§ **DIRECTIONS FOR THIS TASK**
Work out how many lines of this material hold the word "where". Write only that number.

§ **INFORMATION GIVEN**
lemma LD_set_superset_of_MLD_set:
  assumes g: "graph V E" and c4: "\<not> has_C4 V E" and mld: "MLD_set V E S"
    and ST: "S \<subseteq> T" and TV: "T \<subseteq> V" and far: "pi_far_set E S \<subseteq> T"
  shows "LD_set V E T"
proof -
  have dom: "dominating V E S" and res: "resolving V E S"
    using mld unfolding MLD_set_def by blast+
  have only_s: "w \<notin> T"
    if "x \<notin> T" "y \<notin> T" "x \<noteq> y" "E x s" "E y s" "s \<in> S"
      and eq: "nbhd V E x \<inter> T = nbhd V E y \<inter> T" and "E x w" "w \<noteq> s" for x y s w
  proof
    assume "w \<in> T"
    then have "E y w" using eq \<open>E x w\<close> graph_adj_in_V[OF g] unfolding nbhd_def by blast
    have "distinct [x,w,y,s]"
      using that \<open>w \<in> T\<close> ST graph_irrefl[OF g, of x] by auto
    then have "has_C4 V E" unfolding has_C4_def
      using \<open>E x w\<close> graph_adj_sym[OF g \<open>E y w\<close>] \<open>E y s\<close> graph_adj_sym[OF g \<open>E x s\<close>]
        graph_adj_in_V[OF g \<open>E x w\<close>] graph_adj_in_V[OF g \<open>E y s\<close>]
      by (intro exI[of _ x] exI[of _ w] exI[of _ y] exI[of _ s]) auto
    with c4 show False ..
  qed
  have "nbhd V E x \<inter> T \<noteq> nbhd V E y \<inter> T" if x: "x \<in> V - T" and y: "y \<in> V - T" and "x \<noteq> y" for x y
  proof
    assume eq: "nbhd V E x \<inter> T = nbhd V E y \<inter> T"
    obtain s where s: "s \<in> S" "E x s"
      using dom x ST unfolding dominating_def by blast
    then have "s \<in> nbhd V E x \<inter> T" using ST graph_adj_in_V[OF g \<open>E x s\<close>] unfolding nbhd_def by blast
    then have "E y s" using eq unfolding nbhd_def by blast
    have "x \<notin> T" "y \<notin> T" using x y by blast+
    obtain u where u: "u \<in> S" "gdist E u x \<noteq> gdist E u y"
      using res x y \<open>x \<noteq> y\<close> unfolding resolving_def by blast
    have "gdist E u x = Suc (gdist E u s)"
      using only_s[OF \<open>x \<notin> T\<close> \<open>y \<notin> T\<close> \<open>x \<noteq> y\<close> s(2) \<open>E y s\<close> s(1) eq]
      by (rule gdist_private_vertex[OF g dom ST far \<open>x \<notin> T\<close> s _ u(1)])
    moreover have "gdist E u y = Suc (gdist E u s)"
      using only_s[OF \<open>y \<notin> T\<close> \<open>x \<notin> T\<close> \<open>x \<noteq> y\<close>[symmetric] \<open>E y s\<close> s(2) s(1) eq[symmetric]]
      by (rule gdist_private_vertex[OF g dom ST far \<open>y \<notin> T\<close> s(1) \<open>E y s\<close> _ u(1)])
    ultimately show False using u(2) by simp
  qed
  moreover have "dominating V E T" using dom ST TV unfolding dominating_def by blast
  ultimately show ?thesis unfolding LD_set_def by blast
qed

§ **FINISHED TASK**
2